Non-Competition and Non-Solicitation
A non-solicitation agreement prohibits an employee that has quit or been fired from their job from encouraging their former customers or colleagues to move with them to their new job.
A non-competition agreement prohibits an employee that has quit or been fired from their job from working for a competitor.
Non-competition agreements and non-solicitation agreements are generally presumed to be unenforceable, unless in the circumstances, it is reasonable to restrict the employee from specific activities that might harm their former employer. This means that a non-competition or non-solicitation restriction cannot be any wider than is reasonably required to protect the former employer’s interests.
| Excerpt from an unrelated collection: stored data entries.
text \<open>Weak curl, represented by its skew components C x i j = d_i w_j - d_j w_i
  (i, j basis vectors).  For n = 2 the only independent component is the scalar curl,
  for n = 3 the three independent components are (up to sign) the components of the
  usual curl.\<close>
definition is_weak_curl :: "'a::euclidean_space set \<Rightarrow> ('a \<Rightarrow> 'a) \<Rightarrow> ('a \<Rightarrow> 'a \<Rightarrow> 'a \<Rightarrow> real) \<Rightarrow> bool" where
  "is_weak_curl \<Omega> w C \<longleftrightarrow> (\<forall>i\<in>Basis. \<forall>j\<in>Basis. L2 \<Omega> (\<lambda>x. C x i j)) \<and>
     (\<forall>\<phi>. test_fun \<Omega> \<phi> \<longrightarrow> (\<forall>i\<in>Basis. \<forall>j\<in>Basis.
        integral\<^sup>L (lebesgue_on \<Omega>) (\<lambda>x. (w x \<bullet> j) * pd \<phi> x i - (w x \<bullet> i) * pd \<phi> x j)
          = - integral\<^sup>L (lebesgue_on \<Omega>) (\<lambda>x. C x i j * \<phi> x)))"

definition wgrad :: "'a::euclidean_space set \<Rightarrow> ('a \<Rightarrow> real) \<Rightarrow> 'a \<Rightarrow> 'a" where
  "wgrad \<Omega> p = (SOME G. is_weak_grad \<Omega> p G)"

definition wdiv :: "'a::euclidean_space set \<Rightarrow> ('a \<Rightarrow> 'a) \<Rightarrow> 'a \<Rightarrow> real" where
  "wdiv \<Omega> v = (SOME g. is_weak_div \<Omega> v g)"

definition wcurl :: "'a::euclidean_space set \<Rightarrow> ('a \<Rightarrow> 'a) \<Rightarrow> 'a \<Rightarrow> 'a \<Rightarrow> 'a \<Rightarrow> real" where
  "wcurl \<Omega> w = (SOME C. is_weak_curl \<Omega> w C)"

text \<open>Weighted L2 inner product of curls: (kap curl a, curl b) = integral of
  kap * sum over unordered pairs {i,j} of C_ij D_ij = (1/2) * sum over ordered pairs.\<close>
definition curl_ip :: "'a::euclidean_space set \<Rightarrow> ('a \<Rightarrow> real) \<Rightarrow> ('a \<Rightarrow> 'a \<Rightarrow> 'a \<Rightarrow> real)
     \<Rightarrow> ('a \<Rightarrow> 'a \<Rightarrow> 'a \<Rightarrow> real) \<Rightarrow> real" where
  "curl_ip \<Omega> kap C D = integral\<^sup>L (lebesgue_on \<Omega>)
     (\<lambda>x. kap x * ((\<Sum>i\<in>Basis. \<Sum>j\<in>Basis. C x i j * D x i j) / 2))"

definition H1 :: "'a::euclidean_space set \<Rightarrow> ('a \<Rightarrow> real) \<Rightarrow> bool" where
  "H1 \<Omega> q \<longleftrightarrow> L2 \<Omega> q \<and> (\<exists>G. is_weak_grad \<Omega> q G)"
theorem lemma2:
  fixes \<phi> :: "'x::finite \<Rightarrow> 'y::finite \<Rightarrow> real"
    and lam K :: real and \<tau>p \<tau>m :: "'x pmf"
  assumes "0 \<le> lam" and "lam < 1"
    and "Min (range (mixpay \<phi> \<tau>p)) \<ge>
           (1 - lam) * Max (range (mixpay \<phi> \<tau>p)) + lam * Max (range (mixpay \<phi> \<tau>m))"
    and "Max (range (mixpay \<phi> \<tau>m)) \<le>
           lam * Min (range (mixpay \<phi> \<tau>p)) + (1 - lam) * Min (range (mixpay \<phi> \<tau>m))"
    and "Max (range (mixpay \<phi> \<tau>m)) \<le> K" and "K \<le> Min (range (mixpay \<phi> \<tau>p))"
  shows "\<exists>p0 (ps :: real \<Rightarrow> 'y \<Rightarrow> real).
           p0 \<in> {0..1} \<and> (\<forall>p\<in>{0..1}. \<forall>y. ps p y \<in> {0..1}) \<and>
           (\<forall>\<sigma>s :: 'x pmf \<Rightarrow> 'y \<Rightarrow> 'x pmf.
              (\<forall>p\<in>{0..1}. \<forall>y. \<sigma>s (mix p \<tau>p \<tau>m) y = mix (ps p y) \<tau>p \<tau>m) \<longrightarrow>
              autocratic (reactive (mix p0 \<tau>p \<tau>m) \<sigma>s) (\<lambda>x y. \<phi> x y - K) lam)"
proof -
  have bounds: "\<And>y. Min (range (mixpay \<phi> \<tau>)) \<le> mixpay \<phi> \<tau> y \<and> mixpay \<phi> \<tau> y \<le> Max (range (mixpay \<phi> \<tau>))"
    for \<tau> by (auto intro: Min_le Max_ge)
  obtain p0 ps c where p0: "p0 \<in> {0..1}" and ps: "\<And>p y. p \<in> {0..1} \<Longrightarrow> ps p y \<in> {0..1}"
    and potential: "\<And>p y. c * (p - p0) - lam * (c * (ps p y - p0)) =
      (1 - lam) * (p * mixpay \<phi> \<tau>p y + (1 - p) * mixpay \<phi> \<tau>m y - K)"
    using potential_reaction_exists[where a="mixpay \<phi> \<tau>p" and b="mixpay \<phi> \<tau>m",
          OF assms(1,2) bounds bounds assms(3-6)] by blast
  show ?thesis
  proof (intro exI conjI ballI allI impI)
    show "p0 \<in> {0..1}" by (fact p0)
    show "ps p y \<in> {0..1}" if "p \<in> {0..1}" for p y
      using ps that by blast
    fix \<sigma>s :: "'x pmf \<Rightarrow> 'y \<Rightarrow> 'x pmf"
    assume \<sigma>s: "\<forall>p\<in>{0..1}. \<forall>y. \<sigma>s (mix p \<tau>p \<tau>m) y = mix (ps p y) \<tau>p \<tau>m"
    show "autocratic (reactive (mix p0 \<tau>p \<tau>m) \<sigma>s) (\<lambda>x y. \<phi> x y - K) lam"
    proof (rule autocratic_reactive_mix_if_potential[OF assms(1,2) p0 ps])
      show "\<sigma>s (mix p \<tau>p \<tau>m) y = mix (ps p y) \<tau>p \<tau>m" if "p \<in> {0..1}" for p y
        using \<sigma>s that by blast
      show "c * (p - p0) - lam * (c * (ps p y - p0)) = (1 - lam) * (mixpay \<phi> (mix p \<tau>p \<tau>m) y - K)"
        if "p \<in> {0..1}" for p y
        using that by (simp add: potential mixpay_mix)
    qed
  qed
qed

end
To determine if a restriction is a reasonable, the courts will consider:
How long the restriction will last for;
The geographic region included in the restriction;
What specific activities are prohibited; and
Overall fairness.
The courts will also look at whether the restriction is ambiguous or vague, and if there are any public interest concerns. For example, while courts appreciate a company’s right to protect its interests, courts are hesitant to prohibit people from earning a living. For that reason, a narrow non-competition agreement or non-solicitation agreement is more likely to be enforceable than a broader agreement. Similarly, if a confidentiality agreement or a non-solicitation clause will adequately protect a company’s interests, the courts may refuse to enforce a non-competition agreement.
Many employment agreements (including template agreements you might find online), include non-competition and non-solicitation agreements that the courts may refuse to enforce. For that reason, we do encourage you to seek legal advice before signing or asking an employee to sign a non-competition or non-solicitation agreement.